Q35.Marks: +2.0UGC NET Paper 2: Computer Science and Application 26th June 2025 Shift 1
Consider R (A,B,C,D,E) be relation with following dependencies:
C->F, E-> A, EC->D, A->B. Which of the following is a key for R?
1.CD
2.EC✓ Correct
3.ΑΕ
4.AC
Solution
The correct answer is Option 2) EC
Key Points
Relation: R(A, B, C, D, E)
Functional Dependencies (FDs): C → F, E → A, EC → D, A → B
Note: Attribute F is not in R. For finding a key of R, we only need to determine {A, B, C, D, E}; the FD C → F does not help us reach any new attribute of R and can be ignored for key finding.
A key (candidate key) is a minimal set of attributes whose closure gives all attributes of the relation.
Explanation (Attribute-Closure Method):
We compute the closure of each option using the given FDs and check if it gives {A, B, C, D, E}.
Option 1) CD
Start: CD+ = {C, D}
From C → F we can add F (outside R, not useful).

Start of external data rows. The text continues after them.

lemma prod_r_fun:
  assumes "\<sigma> \<noteq> 0"
  shows "(\<Prod>i<N. r_fun q \<sigma> w1 w2 w3 w4 i) = Rfun N ((q ^ (N\<^sup>2))\<^sup>2 * joukowski (\<sigma> ^ N)) w1 w2 w3 w4"
proof -
  have "(\<Prod>i<N. lamhat q \<sigma> (Suc i)) = (\<Prod>i<N. lamhat q \<sigma> i)"
    by (rule prod_lessThan_Suc_cyclic) (simp add: lamhat_eq power_N)
  then have "(\<Prod>i<N. r_fun q \<sigma> w1 w2 w3 w4 i)
      = (\<Prod>i<N. kappa w1 w2 (lam' q \<sigma> i)) * (\<Prod>i<N. kappa w3 w4 (lam' q \<sigma> i))
        / ((\<Prod>i<N. lamhat q \<sigma> i)\<^sup>2 * (\<Prod>i<N. lamhat' q \<sigma> i)\<^sup>2)"
    unfolding r_fun_def by (simp add: prod_dividef prod.distrib prod_power_distrib power2_eq_square)
  then show ?thesis
    unfolding Rfun_def prod_kappa_lam'[OF assms] prod_lamhat_lamhat'_sq[OF assms] .
qed

end

lemma image_prod_pairs:
  fixes r :: "nat \<Rightarrow> 'a::field"
  assumes "N > 0"
  shows "(\<lambda>(s, t). (\<Prod>i<N. s i, \<Prod>i<N. t i)) `
           {(s, t). (\<forall>i<N. s i * t i = r i) \<and> (\<forall>i\<ge>N. s i = 0 \<and> t i = 0)}
         = {(x, y). x * y = (\<Prod>i<N. r i)}"
  (is "?f ` ?E = ?C")
proof
  show "?f ` ?E \<subseteq> ?C"
  proof clarify
    fix s t :: "nat \<Rightarrow> 'a" assume "\<forall>i<N. s i * t i = r i"
    then show "(\<Prod>i<N. s i) * (\<Prod>i<N. t i) = (\<Prod>i<N. r i)"
      by (simp add: prod.distrib[symmetric])
  qed
next
  have point_in_image: "(a * (\<Prod>i\<in>{..<N}-{j}. b i), d * (\<Prod>i\<in>{..<N}-{j}. c i)) \<in> ?f ` ?E"
    if "j < N" "a * d = r j" "\<And>i. i < N \<Longrightarrow> i \<noteq> j \<Longrightarrow> b i * c i = r i" for j a d b c
  proof -
    define s where "s i = (if i < N then (b(j := a)) i else 0)" for i
    define t where "t i = (if i < N then (c(j := d)) i else 0)" for i
    have "(\<Prod>i\<in>{..<N}-{j}. s i) = (\<Prod>i\<in>{..<N}-{j}. b i)"
      by (rule prod.cong) (auto simp: s_def)
    then have "(\<Prod>i<N. s i) = a * (\<Prod>i\<in>{..<N}-{j}. b i)"
      using prod.remove[of "{..<N}" j s] that(1) by (simp add: s_def)
    moreover have "(\<Prod>i\<in>{..<N}-{j}. t i) = (\<Prod>i\<in>{..<N}-{j}. c i)"
      by (rule prod.cong) (auto simp: t_def)
    then have "(\<Prod>i<N. t i) = d * (\<Prod>i\<in>{..<N}-{j}. c i)"
      using prod.remove[of "{..<N}" j t] that(1) by (simp add: t_def)
    moreover have "(s, t) \<in> ?E" using that by (auto simp: s_def t_def)
    ultimately show ?thesis by (intro image_eqI[where x = "(s, t)"]) simp_all
  qed
  show "?C \<subseteq> ?f ` ?E"
  proof clarify
    fix x y assume xy: "x * y = (\<Prod>i<N. r i)"
    show "(x, y) \<in> ?f ` ?E"
    proof (cases "\<exists>j<N. r j = 0")
      case False
      define R where "R = (\<Prod>i\<in>{..<N}-{0}. r i)"
      have "R \<noteq> 0" using False by (simp add: R_def)
      moreover have "(\<Prod>i<N. r i) = r 0 * R"
        using assms by (simp add: R_def prod.remove[of _ 0])
      ultimately have "x * (y / R) = r 0" using xy by (simp add: field_simps)
      from point_in_image[OF assms this, of "\<lambda>_. 1" r] have "(x, y / R * R) \<in> ?f ` ?E"
        by (simp add: R_def)
      with \<open>R \<noteq> 0\<close> show ?thesis by simp
    next
      case True
      then obtain j where j: "j < N" "r j = 0" by blast
      then have "x = 0 \<or> y = 0" using xy by (metis lessThan_iff mult_eq_0_iff prod_zero_iff finite_lessThan)
      then show ?thesis
      proof
        assume "x = 0"
        with point_in_image[OF j(1), of 0 y r "\<lambda>_. 1"] show ?thesis using j by simp
      next
        assume "y = 0"
        with point_in_image[OF j(1), of x 0 "\<lambda>_. 1" r] show ?thesis using j by simp
      qed
    qed
  qed
qed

No FD gives E or A or B from C or D.
CD+ = {C, D} (not all attributes) ⇒ Not a key.
Option 2) EC
Start: EC+ = {E, C}
From E → A add A.
From A → B add B.
From EC → D add D.
Now we have {A, B, C, D, E} ⇒ covers all attributes of R.
Check minimality:
E+ = {E, A, B} (missing C, D) ⇒ E alone is not a key.
C+ = {C} plus F outside R ⇒ C alone is not a key.
Hence, EC is minimal.
Therefore, EC is a candidate key.
Option 3) AE
Start: AE+ = {A, E}
From A → B add B.
We still lack C and D. No FD gives C or D from {A, E} (since EC → D needs C too).

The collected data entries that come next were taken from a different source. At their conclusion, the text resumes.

lemma scheme_rhs_similar:
  assumes wit: "similar_mat_wit A B P Q" and A: "A \<in> carrier_mat n n"
    and z: "\<And>m. z m \<in> carrier_vec n" and i: "i < n"
  shows "scheme_rhs s al phi A (\<lambda>m. P *\<^sub>v z m) i = (P *\<^sub>v vec n (scheme_rhs s al phi B z)) $ i"
proof -
  note D = similar_mat_witD2[OF A wit]
  define c where "c m = (of_real (al m * phi ^ (m - 1)) :: 'a)" for m
  have pow: "A ^\<^sub>m m *\<^sub>v (P *\<^sub>v z m) = P *\<^sub>v (B ^\<^sub>m m *\<^sub>v z m)" for m
    using similar_mat_wit_mult_mat_vec[OF similar_mat_wit_pow[OF wit] pow_carrier_mat[OF A] z] .
  have comp: "(A ^\<^sub>m m *\<^sub>v (P *\<^sub>v z m)) $ i = (\<Sum>j<n. P $$ (i, j) * (B ^\<^sub>m m *\<^sub>v z m) $ j)" for m
    unfolding pow by (rule mult_mat_vec_index_sum[OF D(6) mult_mat_vec_carrier[OF pow_carrier_mat[OF D(5)] z] i])
  have comp1: "(A *\<^sub>v (P *\<^sub>v z 1)) $ i = (\<Sum>j<n. P $$ (i, j) * (B *\<^sub>v z 1) $ j)"
    unfolding similar_mat_wit_mult_mat_vec[OF wit A z]
    by (rule mult_mat_vec_index_sum[OF D(6) mult_mat_vec_carrier[OF D(5) z] i])
  have "scheme_rhs s al phi A (\<lambda>m. P *\<^sub>v z m) i =
      (\<Sum>j<n. P $$ (i, j) * (B *\<^sub>v z 1) $ j) +
      (\<Sum>m = 2..s. \<Sum>j<n. P $$ (i, j) * (c m * (B ^\<^sub>m m *\<^sub>v z m) $ j))"
    unfolding scheme_rhs_def comp comp1 c_def by (simp add: sum_distrib_left mult.left_commute)
  also have "\<dots> = (\<Sum>j<n. P $$ (i, j) * scheme_rhs s al phi B z j)"
    by (simp add: sum.swap[of _ "{2..s}"] scheme_rhs_def c_def distrib_left sum.distrib sum_distrib_left)
  also have "\<dots> = (P *\<^sub>v vec n (scheme_rhs s al phi B z)) $ i"
    using D i by (simp add: scalar_prod_def atLeast0LessThan)
  finally show ?thesis .
qed

lemma scheme_defect_similar:
  assumes wit: "similar_mat_wit A B P Q" and A: "A \<in> carrier_mat n n"
    and x: "x \<in> carrier_vec n" and y: "y \<in> carrier_vec n"
  shows "scheme_defect S n psi phi s al th A (P *\<^sub>v x) (P *\<^sub>v y) =
    P *\<^sub>v scheme_defect S n psi phi s al th B x y"
proof
  note D = similar_mat_witD2[OF A wit]
  let ?z = "\<lambda>m. scheme_point S th m x y"
  note z = scheme_point_carrier[OF x y]
  fix i assume "i < dim_vec (P *\<^sub>v scheme_defect S n psi phi s al th B x y)"
  then have i: "i < n" using D by simp
  have "((P *\<^sub>v y) $ i - of_real psi * (P *\<^sub>v x) $ i) / of_real phi =
      (\<Sum>j<n. P $$ (i, j) * ((y $ j - of_real psi * x $ j) / of_real phi))"
    unfolding mult_mat_vec_index_sum[OF D(6) x i] mult_mat_vec_index_sum[OF D(6) y i]
    by (simp add: sum_divide_distrib[symmetric] sum_distrib_left sum_subtractf[symmetric] algebra_simps)
  moreover have "scheme_rhs s al phi A (\<lambda>m. scheme_point S th m (P *\<^sub>v x) (P *\<^sub>v y)) i =
      (\<Sum>j<n. P $$ (i, j) * scheme_rhs s al phi B ?z j)"
    unfolding scheme_point_mult_mat_vec[OF D(6) x y] scheme_rhs_similar[OF wit A z i]
    using D i by (simp add: scalar_prod_def atLeast0LessThan)
  ultimately show "scheme_defect S n psi phi s al th A (P *\<^sub>v x) (P *\<^sub>v y) $ i =
      (P *\<^sub>v scheme_defect S n psi phi s al th B x y) $ i"
    using D i by (simp add: scheme_defect_def scalar_prod_def atLeast0LessThan
        sum_subtractf right_diff_distrib)
qed (use similar_mat_witD2[OF A wit] in \<open>simp add: scheme_defect_def\<close>)

lemma scheme_step_similar_iff:
  assumes wit: "similar_mat_wit A B P Q" and A: "A \<in> carrier_mat n n"
    and x: "x \<in> carrier_vec n" and y: "y \<in> carrier_vec n"
  shows "scheme_step S n psi phi s al th A (P *\<^sub>v x) (P *\<^sub>v y) \<longleftrightarrow>
    scheme_step S n psi phi s al th B x y"
proof -
  note D = similar_mat_witD2[OF A wit]
  let ?d = "scheme_defect S n psi phi s al th B x y"
  have d: "?d \<in> carrier_vec n" by (simp add: scheme_defect_def)
  have "?d = Q *\<^sub>v (P *\<^sub>v ?d)"
    using similar_mat_wit_cancel_mult_mat_vec[OF similar_mat_wit_sym[OF wit] D(5) d] by simp
  then have "P *\<^sub>v ?d = 0\<^sub>v n \<longleftrightarrow> ?d = 0\<^sub>v n"
    using D by auto
  then show ?thesis
    unfolding scheme_step_iff_defect scheme_defect_similar[OF wit A x y] using D y by simp
qed

lemma ode_solution_similar:
  assumes wit: "similar_mat_wit A B P Q" and A: "A \<in> carrier_mat n n"
    and sol: "ode_solution n B x0 u"
  shows "ode_solution n A (P *\<^sub>v x0) (\<lambda>t. P *\<^sub>v u t)"
  unfolding ode_solution_def
proof (intro conjI allI impI)
  note D = similar_mat_witD2[OF A wit]
  note u = ode_solution_carrier[OF sol]
  from sol have der: "\<And>j. j < n \<Longrightarrow> ((\<lambda>t. u t $ j) has_vector_derivative (B *\<^sub>v u t) $ j) (at t)" for t
    unfolding ode_solution_def by blast
  show "P *\<^sub>v u 0 = P *\<^sub>v x0" using sol by (simp add: ode_solution_def)
  fix t
  show "dim_vec (P *\<^sub>v u t) = n" using D by simp
  fix i assume i: "i < n"
  have "((\<lambda>t. \<Sum>j<n. P $$ (i, j) * u t $ j) has_vector_derivative
      (\<Sum>j<n. P $$ (i, j) * (B *\<^sub>v u t) $ j)) (at t)"
    by (intro has_vector_derivative_sum has_vector_derivative_mult_right der) simp
  then show "((\<lambda>t. (P *\<^sub>v u t) $ i) has_vector_derivative (A *\<^sub>v (P *\<^sub>v u t)) $ i) (at t)"
    unfolding similar_mat_wit_mult_mat_vec[OF wit A u] mult_mat_vec_index_sum[OF D(6) u i]
      mult_mat_vec_index_sum[OF D(6) mult_mat_vec_carrier[OF D(5) u] i] .
qed

lemma exact_scheme_similar:
  assumes wit: "similar_mat_wit A B P Q" and A: "A \<in> carrier_mat n n"
    and exact: "exact_scheme S n psi phi s al th h B"
  shows "exact_scheme S n psi phi s al th h A"
proof -
  note D = similar_mat_witD2[OF A wit]
  from exact have B_unique: "\<And>x. dim_vec x = n \<Longrightarrow> \<exists>!y. scheme_step S n psi phi s al th B x y"
    and B_grid: "\<And>w U k. dim_vec (w 0) = n \<Longrightarrow>
      (\<And>k. scheme_step S n psi phi s al th B (w k) (w (Suc k))) \<Longrightarrow>
      ode_solution n B (w 0) U \<Longrightarrow> w k = U (real k * h)"
    unfolding exact_scheme_def by blast+
  have PQ: "P *\<^sub>v (Q *\<^sub>v w) = w" if "w \<in> carrier_vec n" for w
    using similar_mat_wit_cancel_mult_mat_vec[OF wit A that] .
  have step_iff: "scheme_step S n psi phi s al th A x y \<longleftrightarrow>
      scheme_step S n psi phi s al th B (Q *\<^sub>v x) (Q *\<^sub>v y)"
    if "x \<in> carrier_vec n" "y \<in> carrier_vec n" for x y
    using scheme_step_similar_iff[OF wit A mult_mat_vec_carrier[OF D(7) that(1)]
        mult_mat_vec_carrier[OF D(7) that(2)]]
    unfolding PQ[OF that(1)] PQ[OF that(2)] .
  show ?thesis
    unfolding exact_scheme_def
  proof (intro conjI allI impI)
    fix x :: "'a vec" assume "dim_vec x = n"
    then have x: "x \<in> carrier_vec n" by auto
    have "dim_vec (Q *\<^sub>v x) = n" using D(7) by simp
    then obtain y' where y': "scheme_step S n psi phi s al th B (Q *\<^sub>v x) y'"
      and uniq: "\<And>z. scheme_step S n psi phi s al th B (Q *\<^sub>v x) z \<Longrightarrow> z = y'"
      using B_unique by blast
    show "\<exists>!y. scheme_step S n psi phi s al th A x y"
    proof
      have "Q *\<^sub>v (P *\<^sub>v y') = y'"
        using similar_mat_wit_cancel_mult_mat_vec[OF similar_mat_wit_sym[OF wit] D(5) scheme_step_carrier[OF y']] .
      then show "scheme_step S n psi phi s al th A x (P *\<^sub>v y')"
        using step_iff[OF x mult_mat_vec_carrier[OF D(6) scheme_step_carrier[OF y']]] y' by simp
    next
      fix y assume y: "scheme_step S n psi phi s al th A x y"
      have "Q *\<^sub>v y = y'"
        using uniq y step_iff[OF x scheme_step_carrier[OF y]] by blast
      then show "y = P *\<^sub>v y'"
        using PQ[OF scheme_step_carrier[OF y]] by simp
    qed
  next
    fix v u and k :: nat
    assume "dim_vec (v 0) = n \<and> (\<forall>k. scheme_step S n psi phi s al th A (v k) (v (Suc k)))"
    then have v0: "v 0 \<in> carrier_vec n"
      and steps: "\<And>k. scheme_step S n psi phi s al th A (v k) (v (Suc k))"
      by auto
    have v: "v k \<in> carrier_vec n" for k
      using v0 scheme_step_carrier[OF steps] by (cases k) auto
    assume sol: "ode_solution n A (v 0) u"
    have B_steps: "scheme_step S n psi phi s al th B (Q *\<^sub>v v k) (Q *\<^sub>v v (Suc k))" for k
      using steps step_iff[OF v v] by simp
    have B_sol: "ode_solution n B (Q *\<^sub>v v 0) (\<lambda>t. Q *\<^sub>v u t)"
      by (rule ode_solution_similar[OF similar_mat_wit_sym[OF wit] D(5) sol])
    have "Q *\<^sub>v v k = Q *\<^sub>v u (real k * h)"
      using B_grid[of "\<lambda>k. Q *\<^sub>v v k", OF _ B_steps B_sol] D(7) by simp
    then show "v k = u (real k * h)"
      using PQ[OF v] PQ[OF ode_solution_carrier[OF sol]] by metis
  qed
qed

lemma scheme_point_of_real:
  fixes x y :: "real vec"
  assumes "x \<in> carrier_vec n" and "y \<in> carrier_vec n"
  shows "scheme_point S th m (map_vec complex_of_real x) (map_vec complex_of_real y) =
    map_vec complex_of_real (scheme_point S th m x y)"
  using assms by (cases S) (auto simp: scheme_point_def)

lemma scheme_point_Re:
  fixes x :: "real vec" and y :: "complex vec"
  assumes "x \<in> carrier_vec n" and "y \<in> carrier_vec n"
  shows "map_vec Re (scheme_point S th m (map_vec complex_of_real x) y) =
    scheme_point S th m x (map_vec Re y)"
  using assms by (cases S) (auto simp: scheme_point_def)

lemma Re_index_mult_mat_vec_of_real:
  fixes B :: "real mat" and w :: "complex vec"
  assumes "B \<in> carrier_mat nr nc" and "w \<in> carrier_vec nc" and "i < nr"
  shows "Re ((map_mat complex_of_real B *\<^sub>v w) $ i) = (B *\<^sub>v map_vec Re w) $ i"
  using assms by (simp add: scalar_prod_def Re_sum)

AE+ = {A, E, B} ⇒ Not a key.
Option 4) AC
Start: AC+ = {A, C}
From A → B add B.
No way to get E; without E, cannot use EC → D to reach D.
AC+ = {A, C, B} ⇒ Not a key.
Important Points
Attribute Closure: Repeatedly add attributes implied by FDs until no new attribute can be added. If the closure equals the whole schema, the starting set is a superkey. If none of its proper subsets is a superkey, it is a candidate key.
Ignoring outside attributes: FDs that only produce attributes not in the relation (here, F) do not affect whether a set is a key for R.